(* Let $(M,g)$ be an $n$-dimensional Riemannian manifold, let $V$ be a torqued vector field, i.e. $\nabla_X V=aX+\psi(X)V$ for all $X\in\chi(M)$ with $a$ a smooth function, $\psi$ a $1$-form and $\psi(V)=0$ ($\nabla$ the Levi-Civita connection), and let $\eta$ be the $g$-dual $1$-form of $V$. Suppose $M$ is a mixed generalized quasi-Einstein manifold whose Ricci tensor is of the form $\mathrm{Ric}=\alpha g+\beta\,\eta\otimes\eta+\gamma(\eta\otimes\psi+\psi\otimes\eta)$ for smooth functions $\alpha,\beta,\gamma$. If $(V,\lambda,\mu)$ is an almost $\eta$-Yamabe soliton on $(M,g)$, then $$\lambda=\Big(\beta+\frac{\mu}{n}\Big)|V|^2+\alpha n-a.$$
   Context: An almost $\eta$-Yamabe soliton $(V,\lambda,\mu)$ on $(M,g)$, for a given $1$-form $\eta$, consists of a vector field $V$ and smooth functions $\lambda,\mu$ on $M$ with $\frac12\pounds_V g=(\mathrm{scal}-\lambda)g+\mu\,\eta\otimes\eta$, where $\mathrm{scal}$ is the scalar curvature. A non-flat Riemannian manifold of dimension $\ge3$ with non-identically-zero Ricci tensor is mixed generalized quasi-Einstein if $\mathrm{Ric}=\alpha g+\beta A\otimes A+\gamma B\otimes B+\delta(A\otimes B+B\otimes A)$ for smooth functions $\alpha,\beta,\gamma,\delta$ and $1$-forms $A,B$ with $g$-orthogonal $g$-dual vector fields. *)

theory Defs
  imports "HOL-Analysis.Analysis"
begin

__________

◆ TRY IT ◆
Every record needs to be written out again, exactly as it was given.

◆ RESULT BELOW ◆
(* Let $(M,g)$ be an $n$-dimensional Riemannian manifold, let $V$ be a torqued vector field, i.e. $\nabla_X V=aX+\psi(X)V$ for all $X\in\chi(M)$ with $a$ a smooth function, $\psi$ a $1$-form and $\psi(V)=0$ ($\nabla$ the Levi-Civita connection), and let $\eta$ be the $g$-dual $1$-form of $V$. Suppose $M$ is a mixed generalized quasi-Einstein manifold whose Ricci tensor is of the form $\mathrm{Ric}=\alpha g+\beta\,\eta\otimes\eta+\gamma(\eta\otimes\psi+\psi\otimes\eta)$ for smooth functions $\alpha,\beta,\gamma$. If $(V,\lambda,\mu)$ is an almost $\eta$-Yamabe soliton on $(M,g)$, then $$\lambda=\Big(\beta+\frac{\mu}{n}\Big)|V|^2+\alpha n-a.$$
   Context: An almost $\eta$-Yamabe soliton $(V,\lambda,\mu)$ on $(M,g)$, for a given $1$-form $\eta$, consists of a vector field $V$ and smooth functions $\lambda,\mu$ on $M$ with $\frac12\pounds_V g=(\mathrm{scal}-\lambda)g+\mu\,\eta\otimes\eta$, where $\mathrm{scal}$ is the scalar curvature. A non-flat Riemannian manifold of dimension $\ge3$ with non-identically-zero Ricci tensor is mixed generalized quasi-Einstein if $\mathrm{Ric}=\alpha g+\beta A\otimes A+\gamma B\otimes B+\delta(A\otimes B+B\otimes A)$ for smooth functions $\alpha,\beta,\gamma,\delta$ and $1$-forms $A,B$ with $g$-orthogonal $g$-dual vector fields. *)

theory Defs
  imports "HOL-Analysis.Analysis"
begin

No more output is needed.